Historically, in our movies, and in our society, the more a woman suffers, the more respect she tends to get, as if putting up with misery is a sign of strength.
This may not connect directly to a report from Russia (by Neil MacFarquhar in nytimes.com), but here it is — two women were actually acquitted of murdering their husbands. Says the report, “When Yana Gurcheva and Galina Katorova were arrested for stabbing their husbands to death with kitchen knives after suffering years of domestic abuse, the murder cases stirred hardly a ripple in Russia’s national news media. But they exploded into a national conversation this year when appeals courts on opposite ends of the country did the previously unthinkable and acquitted the two women.

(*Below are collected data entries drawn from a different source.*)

lemma qexp_QR_weight_basis:
  assumes f: "modular_form k f" and weight: "4 * b + 6 * c = k"
  defines "m \<equiv> b div 3 + c div 2"
  shows "qexp_QR f = (\<Sum>y\<le>m. fps_const (f (0, b mod 3 + 3 * (m - y), c mod 2 + 2 * y))
           * (E4 ^ (b mod 3) * E6 ^ (c mod 2) * (E4 ^ 3) ^ (m - y) * (E6 ^ 2) ^ y))"
proof -
  define \<phi> where "\<phi> y = (b mod 3 + 3 * (m - y), c mod 2 + 2 * y)" for y
  define g where "g = (\<lambda>(b', c'). fps_const (f (0, b', c')) * E4 ^ b' * E6 ^ c')"
  have support: "{(b', c'). f (0, b', c') \<noteq> 0} \<subseteq> \<phi> ` {..m}"
  proof safe
    fix b' c' assume "f (0, b', c') \<noteq> 0"
    then have "4 * b' + 6 * c' = 4 * b + 6 * c"
      using f weight by (simp add: modular_form_def)
    then show "(b', c') \<in> \<phi> ` {..m}"
      using isobaric_monomial_param unfolding \<phi>_def m_def by blast
  qed
  have "inj_on \<phi> {..m}" unfolding inj_on_def \<phi>_def by auto
  have "qexp_QR f = sum g (\<phi> ` {..m})"
    unfolding qexp_QR_def g_def using support by (intro sum.mono_neutral_left) auto
  also have "\<dots> = (\<Sum>y\<le>m. g (\<phi> y))"
    by (rule sum.reindex_cong[OF \<open>inj_on \<phi> {..m}\<close> refl refl])
  also have "\<dots> = (\<Sum>y\<le>m. fps_const (f (0, b mod 3 + 3 * (m - y), c mod 2 + 2 * y))
      * (E4 ^ (b mod 3) * E6 ^ (c mod 2) * (E4 ^ 3) ^ (m - y) * (E6 ^ 2) ^ y))"
    by (simp only: g_def \<phi>_def case_prod_conv power_add power_mult) (simp add: mult_ac)
  finally show ?thesis .
qed
(* Let $N\ge16$ be an integer and $\rho\in[2/3,1)$. Then for every $k\ge0$, $1\le j\le 2^k$ and every $y\in L^k_j$, $$H_\flat\widehat\omega(y)=\int K_\flat(y-x)\,d\widehat\omega(x)=0$$ (the integral being absolutely convergent since $y$ has positive distance from $\mathsf E^{(N)}$). In particular $H_\flat\widehat\omega(\dot z^k_j)=0$ for all $k,j$.
   Context: Cantor intervals: fix an integer $N\ge16$ and $\rho\in[2/3,1)$. Set $I^0_1=[0,1]$. Each interval $I=[a,a+N^{-k}]$ of generation $k$ has two children of generation $k+1$: the left child $I_-=[a,a+N^{-k-1}]$ and the right child $I_+=[a+N^{-k}-N^{-k-1},a+N^{-k}]$. The $2^k$ intervals of generation $k$ are denoted $I^k_j$, $1\le j\le 2^k$, numbered left to right; $\mathcal D$ is the collection of all of them. $G^k_j$ is the open middle gap $I^k_j\setminus((I^k_j)_-\cup(I^k_j)_+)$, $\dot z^k_j$ is the common center of $I^k_j$ and $G^k_j$, and $L^k_j=[\dot z^k_j-N^{-k-1},\dot z^k_j+N^{-k-1}]$. The Cantor set is $\mathsf E^{(N)}=\bigcap_{k}\bigcup_{j}I^k_j$. Redistributed Cantor measure: with $\eta=1/N$, $\widehat\omega$ is the unique Borel probability measure supported on $\mathsf E^{(N)}$ such that $\widehat\omega(I^1_1)=\widehat\omega(I^1_2)=\frac12$ and for every $I\in\mathcal D$ of generation $\ge1$: if $I$ is the left child of its parent then $\widehat\omega(I_-)=\frac{1+\eta}2\widehat\omega(I)$, $\widehat\omega(I_+)=\frac{1-\eta}2\widehat\omega(I)$; if $I$ is the right child of its parent then $\widehat\omega(I_-)=\frac{1-\eta}2\widehat\omega(I)$, $\widehat\omega(I_+)=\frac{1+\eta}2\widehat\omega(I)$. Flattened kernel: $K_\flat$ is defined first on $[N^{-1/2},N^{1/2}]$ as a smooth nonincreasing function with values in $[N^{-1/2},N^{1/2}]$ such that $K_\flat(x)=1/x$ for $N^{-1/2}\le x\le(\rho N)^{-1/2}$ and for $(\rho N)^{1/2}\le x\le N^{1/2}$, and $K_\flat(x)=1$ for $(\rho^2N)^{-1/2}\le x\le(\rho^2N)^{1/2}$; then extended to $(0,\infty)$ by $K_\flat(x)=N^{-k}K_\flat(N^{-k}x)$ for $x\in[N^{k-1/2},N^{k+1/2}]$, $k\in\mathbb Z$, and to $\mathbb R\setminus\{0\}$ as an odd function. $H_\flat\mu(x)=\int K_\flat(x-y)\,d\mu(y)$. *)

theory Defs
  imports "HOL-Probability.Probability"
begin

text \<open>Generation k, index j with 1 \<le> j \<le> 2^k, numbered left to right.
  The children of I k j are I (k+1) (2j-1) (left child) and I (k+1) (2j) (right child).
  cantor_left N k j is the left endpoint of I k j.\<close>

fun cantor_left :: "nat \<Rightarrow> nat \<Rightarrow> nat \<Rightarrow> real" where
  "cantor_left N 0 j = 0"
| "cantor_left N (Suc k) j =
     cantor_left N k ((j + 1) div 2)
     + (if even j then (1 / real N) ^ k - (1 / real N) ^ Suc k else 0)"

definition cantor_int :: "nat \<Rightarrow> nat \<Rightarrow> nat \<Rightarrow> real set" where
  "cantor_int N k j = {cantor_left N k j .. cantor_left N k j + (1 / real N) ^ k}"

definition cantor_center :: "nat \<Rightarrow> nat \<Rightarrow> nat \<Rightarrow> real" where
  "cantor_center N k j = cantor_left N k j + (1 / real N) ^ k / 2"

“For a country that decriminalised some forms of domestic violence in 2017, the separate court findings that the women had acted in legitimate self-defence when in fear for their lives were considered shocking, if not unprecedented. ‘Here, the woman is always the accused; for some reason the sympathy always lies with the aggressor,’ said Yelena Solovyova, the defence lawyer for Ms Katorova in Nakhodka, near Vladivostok in the country’s far east. ‘This was such an ideological victory for me, because for the first time the court heard that you cannot blame the victim, you cannot transfer all the blame to the woman’.”
It is a positive step in a still male chauvinistic world, where singer Ariana Grande was actually blamed for the death of her ex-boyfriend Mac Miller (who reportedly died of an overdose of drugs), because she had left him when he was down. As if it was her duty to stick out a bad relationship. Ariana spoke for millions of women when she tweeted to a troll, “How absurd that you minimise female self-respect and self-worth by saying someone should stay in a toxic relationship because he wrote an album about them, which btw isn’t the case… I have cared for him and tried to support his sobriety…but shaming/blaming women for a man’s inability to keep his shit together is a very major problem. Let’s please stop doing that.”
Deepa Gahlot is a Mumbai based columnist, critic and author.